Sentiment Analysis Results and Interactive Search

Introduction

This is a continuation of an earlier project that used ChatGPT to generate sentiment scores from Google reviews of Houston coffee shops. In that phase, ChatGPT was given specific topics by which review context could be ‘binned’ and associated sentiment scores given.  So for example: “Worst latte I’ve ever tasted, but staff is nice” would result in something like: "Latte": 0.1, and "Friendliness": 0.9.  Analysis of 14,620 reviews across 29 possible topics resulted in 39,620 sentiment scores! If you’d like more detail about how these sentiment scores were generated, please see this blog post: Coffee Shop Review Classification and Sentiment Analysis With ChatGPT 4.1 -Mini.

In this phase, Tableau’s dashboard tools were used to create interactive visualizations that help explore the results of the sentiment analysis.

Searchable Map

The map below can be used to filter results by topic(s) of interest, venue, and desired median sentiment score. So for example, if you’re interested in finding the best coffee shop based on WIFI and Chai Lattes you can select those topics and quickly find the best coffee shops to visit in your area.  

Deeper Look Into Reviews

One of the key challenges for this project was filtering and visualizing individual reviews. I originally intended to incorporate reviews into the tooltip of the geographic data above, and while it is possible to simply pull a review for a venue that approximates a certain topic and median sentiment score, the variation and subtlety does not translate well in a single example. For that reason, I created two additional visualizations to better express how the sentiment scores contribute to the map above.

The table below can be filtered in a similar fashion to the map above to explore reviews in depth, so if you’re curious about why a venue has particular median sentiment rating you can dive into those reviews below!

Note: Due to the volume of data, filtering by a single venue typically yields the clearest and most responsive results.

Overall, sentiment scores are bimodal and left skewed with the low sentiment scores being less likely. A bimodal distribution makes intuitive sense. People are generally more motivated to talk about experiences that are either more positive or negative, while ignoring neutral experiences.
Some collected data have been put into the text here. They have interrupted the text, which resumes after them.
lemma trace_mult_sum: "trace ((A::real^'n::finite^'n) ** (\<Sum>b\<in>UNIV. c b *\<^sub>R C b)) = (\<Sum>b\<in>UNIV. c b * trace (A ** C b))"
proof -
  have "trace (A ** (\<Sum>b\<in>UNIV. c b *\<^sub>R C b)) = (\<Sum>i\<in>UNIV. \<Sum>k\<in>UNIV. \<Sum>b\<in>UNIV. c b * (A $ i $ k * C b $ k $ i))"
    unfolding trace_mul_eq by (simp add: sum_distrib_left mult.left_commute)
  also have "\<dots> = (\<Sum>i\<in>UNIV. \<Sum>b\<in>UNIV. \<Sum>k\<in>UNIV. c b * (A $ i $ k * C b $ k $ i))"
    by (rule sum.cong[OF refl], rule sum.swap)
  also have "\<dots> = (\<Sum>b\<in>UNIV. \<Sum>i\<in>UNIV. \<Sum>k\<in>UNIV. c b * (A $ i $ k * C b $ k $ i))"
    by (rule sum.swap)
  also have "\<dots> = (\<Sum>b\<in>UNIV. c b * trace (A ** C b))"
    unfolding trace_mul_eq by (simp add: sum_distrib_left)
  finally show ?thesis .
qed

lemma mulv_axis: "M *v axis a 1 = (\<chi> c. M $ c $ a)"
  unfolding matrix_vector_mult_def axis_def vec_eq_iff
  by (simp add: if_distrib[of "\<lambda>x. _ * x"] cong: if_cong)

lemma sum_axis: "(\<Sum>b\<in>UNIV. c b *\<^sub>R ((A::real^'n::finite^'m) *v axis b 1)) = A *v (\<chi> b. c b)"
  unfolding mulv_axis vec_eq_iff by (simp add: matrix_vector_mult_def mult.commute)

lemma scaleR_mat_mulv: "(c *\<^sub>R (A::real^'n::finite^'m)) *v v = c *\<^sub>R (A *v v)"
  unfolding matrix_vector_mult_def vec_eq_iff by (simp add: real_scaleR_def sum_distrib_left mult.assoc)

lemma congruence_entry: "(transpose M ** N ** M) $ a $ b = (M *v axis a 1) \<bullet> (N *v (M *v axis b 1))"
proof -
  have "(transpose M ** N ** M) $ a $ b = (\<Sum>k\<in>UNIV. (\<Sum>n\<in>UNIV. M $ n $ a * N $ n $ k) * M $ k $ b)"
    by (simp add: matrix_matrix_mult_def transpose_def)
  also have "\<dots> = (\<Sum>k\<in>UNIV. \<Sum>n\<in>UNIV. M $ n $ a * (N $ n $ k * M $ k $ b))"
    by (simp add: sum_distrib_right mult.assoc)
  also have "\<dots> = (\<Sum>n\<in>UNIV. \<Sum>k\<in>UNIV. M $ n $ a * (N $ n $ k * M $ k $ b))"
    by (rule sum.swap)
  also have "\<dots> = (M *v axis a 1) \<bullet> (N *v (M *v axis b 1))"
    unfolding mulv_axis by (simp add: matrix_vector_mult_def inner_vec_def sum_distrib_left)
  finally show ?thesis .
qed

definition outer :: "real^'r \<Rightarrow> real^'c \<Rightarrow> real^'c^'r" where
  "outer u v = (\<chi> a b. u $ a * v $ b)"

lemma outer_mulv: "outer u v *v x = (v \<bullet> x) *\<^sub>R u"
  unfolding outer_def matrix_vector_mult_def inner_vec_def vec_eq_iff
  by (simp add: sum_distrib_left mult.commute mult.left_commute)

lemma outer_sum_left: "outer (\<Sum>b\<in>S. c b *\<^sub>R u b) v = (\<Sum>b\<in>S. c b *\<^sub>R outer (u b) v)"
  unfolding outer_def vec_eq_iff by (simp add: sum_distrib_right mult.assoc)

lemma outer_sum_right: "outer v (\<Sum>b\<in>S. c b *\<^sub>R u b) = (\<Sum>b\<in>S. c b *\<^sub>R outer v (u b))"
  unfolding outer_def vec_eq_iff by (simp add: sum_distrib_left mult.left_commute)

lemma outer_diff_left: "outer (u - u') v = outer u v - outer u' v"
  unfolding outer_def vec_eq_iff by (simp add: left_diff_distrib)

lemma outer_diff_right: "outer v (u - u') = outer v u - outer v u'"
  unfolding outer_def vec_eq_iff by (simp add: right_diff_distrib)

lemma outer_mulv_left: "outer (A *v u) v = A ** outer u v"
  unfolding outer_def vec_eq_iff by (simp add: matrix_matrix_mult_def matrix_vector_mult_def sum_distrib_right mult.assoc)

lemma outer_mulv_right: "outer u ((A::real^'n::finite^'m) *v v) = outer u v ** transpose A"
  unfolding outer_def vec_eq_iff by (simp add: matrix_matrix_mult_def matrix_vector_mult_def transpose_def sum_distrib_left mult_ac)

lemma transpose_outer: "transpose (outer w w) = outer w w"
  by (simp add: transpose_def outer_def vec_eq_iff mult.commute)

lemma matrix_inv_unique:
  fixes A B :: "real^'n::finite^'n"
  assumes "A ** B = mat 1"
  shows "matrix_inv A = B"
proof -
  have BA: "B ** A = mat 1" using assms matrix_left_right_inverse by blast
  have ex: "\<exists>A'. A ** A' = mat 1 \<and> A' ** A = mat 1" using assms BA by blast
  define C where "C = matrix_inv A"
  have C: "A ** C = mat 1 \<and> C ** A = mat 1"
    unfolding C_def matrix_inv_def using someI_ex[OF ex] by blast
  have "C = C ** (A ** B)" using assms by simp
  also have "\<dots> = (C ** A) ** B" by (simp add: matrix_mul_assoc)
  also have "\<dots> = B" using C by simp
  finally show ?thesis unfolding C_def .
qed

lemma posdef_matrix_inv:
  fixes A :: "real^'n::finite^'n"
  assumes "\<forall>v. v \<noteq> 0 \<longrightarrow> v \<bullet> (A *v v) > 0"
  shows "A ** matrix_inv A = mat 1"
proof -
  have "inj ((*v) A)"
  proof (rule injI)
    fix u v assume "A *v u = A *v v"
    then have "A *v (u - v) = 0" by (simp add: matrix_vector_mult_diff_distrib)
    then have "\<not> (u - v \<noteq> 0)" using assms by (metis inner_zero_right less_irrefl)
    then show "u = v" by simp
  qed
  then have "det A \<noteq> 0" using det_nz_iff_inj[of "(*v) A"] by (simp add: matrix_vector_mul_linear)
  then have "invertible A" using invertible_det_nz by blast
  then obtain B where "A ** B = mat 1" unfolding invertible_def by blast
  then show ?thesis using matrix_inv_unique by metis
qed

lemma symmetric_matrix_inv:
  fixes A :: "real^'n::finite^'n"
  assumes "A ** matrix_inv A = mat 1" "transpose A = A"
  shows "transpose (matrix_inv A) = matrix_inv A"
proof -
  have "matrix_inv A ** A = mat 1" using assms(1) matrix_left_right_inverse by blast
  then have "transpose (matrix_inv A ** A) = mat 1" by (simp add: transpose_mat)
  then have "A ** transpose (matrix_inv A) = mat 1" using assms(2) by (simp add: matrix_transpose_mul)
  then show ?thesis using matrix_inv_unique by metis
qed

lemma matrix_inv_cramer:
  fixes A :: "real^'n::finite^'n"
  assumes "A ** matrix_inv A = mat 1"
  shows "matrix_inv A $ i $ j = det (\<chi> r s. if s = i then (if r = j then 1 else 0) else A$r$s) / det A"
proof -
  have "invertible A" using assms unfolding invertible_def using matrix_left_right_inverse by blast
  then have d: "det A \<noteq> 0" using invertible_det_nz by blast
  define x where "x = (\<chi> k. matrix_inv A $ k $ j)"
  define b :: "real^'n" where "b = (\<chi> r. if r = j then 1 else 0)"
  have bj: "b $ r = (if r = j then 1 else 0)" for r unfolding b_def by simp
  have "A *v x = b"
  proof -
    have "(A *v x) $ r = (A ** matrix_inv A) $ r $ j" for r
      by (simp add: x_def matrix_vector_mult_def matrix_matrix_mult_def)
    then show ?thesis using assms by (simp add: vec_eq_iff bj mat_1_nth)
  qed
  then have "x = (\<chi> k. det(\<chi> r s. if s=k then b$r else A$r$s) / det A)" using cramer[OF d] by blast
  then have "x $ i = det(\<chi> r s. if s=i then b$r else A$r$s) / det A" by simp
  moreover have "(\<chi> r s. if s=i then b$r else A$r$s) = (\<chi> r s. if s = i then (if r = j then 1 else 0) else A$r$s)"
    apply (rule arg_cong[where f=vec_lambda], rule ext)
    apply (rule arg_cong[where f=vec_lambda], rule ext)
    apply (simp add: bj)
    done
  ultimately show ?thesis by (simp add: x_def)
qed

lemma trace_inverse_compat:
  fixes A Ai T :: "real^'k::finite^'k"
  assumes "A ** Ai = mat 1" "Ai ** A = mat 1"
  shows "trace (Ai ** (transpose T ** A + A ** T)) = 2 * trace T"
proof -
  have "trace (Ai ** (transpose T ** A)) = trace ((transpose T ** A) ** Ai)" by (rule trace_mul_sym)
  also have "\<dots> = trace (transpose T ** (A ** Ai))" by (simp add: matrix_mul_assoc)
  also have "\<dots> = trace T" using assms(1) by (simp add: trace_transpose)
  finally have 1: "trace (Ai ** (transpose T ** A)) = trace T" .
  have 2: "trace (Ai ** (A ** T)) = trace T" by (simp add: matrix_mul_assoc assms(2))
  show ?thesis using 1 2 by (simp add: matrix_add_ldistrib trace_add)
qed

lemma sum_UNIV_Plus: "(\<Sum>a\<in>(UNIV::('a::finite+'b::finite) set). f a) = (\<Sum>i\<in>UNIV. f (Inl i)) + (\<Sum>j\<in>UNIV. f (Inr j))"
  by (subst UNIV_Plus_UNIV[symmetric], subst sum.Plus) (auto simp: o_def)

definition block_mat :: "real^'n^'n \<Rightarrow> real^'n^'n \<Rightarrow> real^'n^'n \<Rightarrow> real^'n^'n \<Rightarrow> real^('n::finite+'n)^('n+'n)" where
  "block_mat A B C D = (\<chi> a b. case a of Inl i \<Rightarrow> (case b of Inl j \<Rightarrow> A$i$j | Inr j \<Rightarrow> B$i$j)
                                    | Inr i \<Rightarrow> (case b of Inl j \<Rightarrow> C$i$j | Inr j \<Rightarrow> D$i$j))"

lemma block_mat_nth[simp]:
  "block_mat A B C D $ Inl i $ Inl j = A$i$j" "block_mat A B C D $ Inl i $ Inr j = B$i$j"
  "block_mat A B C D $ Inr i $ Inl j = C$i$j" "block_mat A B C D $ Inr i $ Inr j = D$i$j"
  unfolding block_mat_def by simp_all

lemma block_mat_eq_iff: "M = block_mat A B C D \<longleftrightarrow>
    (\<forall>i j. M$Inl i$Inl j = A$i$j \<and> M$Inl i$Inr j = B$i$j \<and> M$Inr i$Inl j = C$i$j \<and> M$Inr i$Inr j = D$i$j)"
  unfolding vec_eq_iff by (auto simp: block_mat_def split: sum.splits)

lemma block_mat_mult: "block_mat A B C D ** block_mat A' B' C' D' = block_mat (A**A' + B**C') (A**B' + B**D') (C**A' + D**C') (C**B' + D**D')"
  unfolding block_mat_eq_iff by (simp add: matrix_matrix_mult_def sum_UNIV_Plus)

lemma block_mat_transpose: "transpose (block_mat A B C D) = block_mat (transpose A) (transpose C) (transpose B) (transpose D)"
  unfolding block_mat_eq_iff by (simp add: transpose_def)

lemma trace_block_mat: "trace (block_mat A B C D) = trace A + trace D"
  unfolding trace_def by (simp add: sum_UNIV_Plus)

lemma mat_1_block_mat: "mat 1 = block_mat (mat 1) 0 0 (mat 1)"
  unfolding block_mat_eq_iff by (simp add: mat_def)

lemma congruence_inverse:
  assumes "D ** Di = mat 1" "P ** Q = mat 1" "Q ** P = mat 1"
  shows "(transpose P ** D ** P) ** (Q ** Di ** transpose Q) = (mat 1 :: real^'k::finite^'k)"
proof -
  have "(transpose P ** D ** P) ** (Q ** Di ** transpose Q) = transpose P ** D ** (P ** Q) ** Di ** transpose Q"
    by (simp add: matrix_mul_assoc)
  also have "\<dots> = transpose P ** D ** Di ** transpose Q" by (simp only: assms(2) matrix_mul_rid)
  also have "\<dots> = transpose P ** (D ** Di) ** transpose Q" by (simp add: matrix_mul_assoc)
  also have "\<dots> = transpose P ** transpose Q" using assms by simp
  also have "\<dots> = transpose (Q ** P)" by (rule matrix_transpose_mul[symmetric])
  also have "\<dots> = mat 1" by (simp only: assms(3) transpose_mat)
  finally show ?thesis .
qed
The median value for all topics and all venues is a whopping .9- suggesting that people are much more likely to take time to write a review if they’ve had a good time. 

Conclusion and Future Work

This project series demonstrates the power of large language models like ChatGPT 4.1-mini to extract structured, interpretable insights from unstructured review data at scale. By assigning topic-specific sentiment scores to over 14,000 Google reviews, users are able to go beyond basic star ratings and uncover a more nuanced view of customer experiences across Houston coffee shops. The resulting visualizations offer an interactive way to explore these topics, whether you're hunting for the best Chai Latte or gauging how welcoming a space is for remote work.

Inclusivity & Accessibility and Employee Treatment are two of the more interesting topics that ChatGPT was tasked with identifying and scoring. While ChatGPT generally scored these topics appropriately as zero-shot cases, they don’t always stay consistent with focus. For example, sometimes employee treatment refers to how the customer is treated by the employee, and other times it may refer to how the employee is treated by the establishment (as intended). Providing more explicit definitions for nuanced topics would improve reliability between reviews.

Looking ahead, there’s plenty of opportunity to extend this work. Expanding to domains other than coffee shops such as museums, online retailers, or healthcare - where review context often carries significant weight beyond star ratings offers potential customers insight beyond curated selling points, allowing form more informed decision making.